● **Assigned task**: In the listing below, find the line with "A clause is" and the line with "(fst w, \<not>". Repeat those two lines and all lines between them exactly.

● **Dataset entries**:
☆ ☆ ☆ ☆

(* Let $I$ and ${\cal Q}_I$ be as in the context, let $G'$ be a chordal sandwich of $({\rm int^*}({\cal Q}_I),{\rm forb}({\cal Q}_I))$, and let $1\le i\le n$. Then: (a) there is $W\in\{v_i,\overline{v_i}\}$ such that for all $j\in\Delta_i$, the vertex $K^j_W$ is adjacent to $B$ in $G'$; (b) for each $j\in\Delta_i$ and each $W\in\{v_i,\overline{v_i}\}$, if $K^j_W$ is adjacent to $B$ in $G'$, then each of the vertices $S^j_W$, $K^j_W$, and $L^j_W$ (if $L^j_W$ is defined) is adjacent in $G'$ to each of $B$, $A_i$, $H_W$, $H_{\overline W}$, $F^j$.
   Context: Instance: $I$ has variables $v_1,\ldots,v_n$ and clauses ${\cal C}_1,\ldots,{\cal C}_m$; each clause is an ordered triple of literals ${\cal C}_j=X\vee Y\vee Z$ with no variable occurring twice in a clause. Literals are $v_i$ or $\overline{v_i}$; $\overline W$ is the negation of $W$. $\Delta_i$ is the set of $j$ such that $v_i$ or $\overline{v_i}$ occurs in ${\cal C}_j$. Ground set ${\cal X}_I$: $\alpha_{v_i},\alpha_{\overline{v_i}}$; $\beta^j_{v_i},\beta^j_{\overline{v_i}}$ ($j\in\Delta_i$); $\gamma^j_1,\gamma^j_2,\gamma^j_3,\lambda^j$ ($1\le j\le m$); $\delta,\mu$. Sets: $B=\{\mu,\delta\}$, $H_{v_i}=\{\alpha_{v_i},\delta\}$, $H_{\overline{v_i}}=\{\alpha_{\overline{v_i}},\delta\}$, $A_i=\{\alpha_{v_i},\alpha_{\overline{v_i}}\}$, $S^j_{v_i}=\{\alpha_{v_i},\beta^j_{v_i}\}$, $S^j_{\overline{v_i}}=\{\alpha_{\overline{v_i}},\beta^j_{\overline{v_i}}\}$ ($j\in\Delta_i$); for ${\cal C}_j=X\vee Y\vee Z$: $K^j_{\overline X}=\{\beta^j_X,\gamma^j_1\}$, $K^j_{\overline Y}=\{\beta^j_Y,\gamma^j_2\}$, $K^j_{\overline Z}=\{\beta^j_Z,\gamma^j_3\}$, $K^j_X=\{\beta^j_{\overline X},\lambda^j\}$, $K^j_Y=\{\beta^j_{\overline Y},\lambda^j\}$, $K^j_Z=\{\beta^j_{\overline Z},\lambda^j\}$, $L^j_X=\{\beta^j_{\overline X},\gamma^j_2\}$, $L^j_Y=\{\beta^j_{\overline Y},\gamma^j_3\}$, $L^j_Z=\{\beta^j_{\overline Z},\gamma^j_1\}$ (so $L^j_W$ is defined only for the three literals $W$ occurring in ${\cal C}_j$), $D^j_p=\{\gamma^j_p,\lambda^j\}$, $F^j=\{\lambda^j,\mu\}$. Objects indexed by a literal mean the one for that literal. ${\cal Q}_I$ is the collection of partial splits: $A_i|B$; $D^j_p|B$ ($p=1,2,3$); $S^j_{v_i}|S^{j'}_{\overline{v_i}}$ ($j,j'\in\Delta_i$); $S^j_{v_i}|K^{j'}_{\overline{v_i}}$, $S^j_{\overline{v_i}}|K^{j'}_{v_i}$ ($j<j'$ in $\Delta_i$); $K^j_{\overline{v_i}}|F^{j'}$, $K^j_{v_i}|F^{j'}$ ($j\in\Delta_i$, $j<j'\le m$); $H_{v_{i'}}|S^j_{v_i}$, $H_{\overline{v_{i'}}}|S^j_{v_i}$, $H_{v_{i'}}|S^j_{\overline{v_i}}$, $H_{\overline{v_{i'}}}|S^j_{\overline{v_i}}$ ($1\le i'<i\le n$, $j\in\Delta_i$); $H_{\overline{v_i}}|F^j$, $H_{v_i}|F^j$ (all $i,j$); for each ${\cal C}_j=X\vee Y\vee Z$: $K^j_{\overline X}|K^j_X$, $K^j_{\overline Y}|K^j_Y$, $K^j_{\overline Z}|K^j_Z$, $K^j_{\overline X}|L^j_X$, $K^j_{\overline Y}|L^j_Y$, $K^j_{\overline Z}|L^j_Z$, $S^j_Y|K^j_X$, $S^j_Z|K^j_Y$, $S^j_X|K^j_Z$, $S^j_Z|L^j_X$, $S^j_X|L^j_Y$, $S^j_Y|L^j_Z$. ${\rm int^*}({\cal Q}_I)$: vertices are the 2-sets occurring as cells of members of ${\cal Q}_I$, adjacent iff they intersect. ${\rm forb}({\cal Q}_I)$: same vertices, $P,P'$ adjacent iff $P|P'\in{\cal Q}_I$. A chordal sandwich of $(G_1,G_2)$ (edge-disjoint, same vertex set) is a chordal graph (no induced cycle of length $\ge4$) on that vertex set containing all edges of $G_1$ and none of $G_2$. *)

theory Defs
  imports Main
begin

text \<open>Literals: (i, True) is v_i, (i, False) is the negation of v_i.
  A clause is an ordered triple of literals; an instance is given by
  n, m and a map cl from clause indices 1..m to triples.\<close>

type_synonym lit = "nat \<times> bool"

definition neg :: "lit \<Rightarrow> lit" where
  "neg w = (fst w, \<not> snd w)"

definition pos :: "nat \<Rightarrow> lit" where "pos i = (i, True)"
definition ng :: "nat \<Rightarrow> lit" where "ng i = (i, False)"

☆ ☆ ☆ ☆

● **Output**:
  A clause is an ordered triple of literals; an instance is given by
  n, m and a map cl from clause indices 1..m to triples.\<close>

type_synonym lit = "nat \<times> bool"

definition neg :: "lit \<Rightarrow> lit" where
  "neg w = (fst w, \<not> snd w)"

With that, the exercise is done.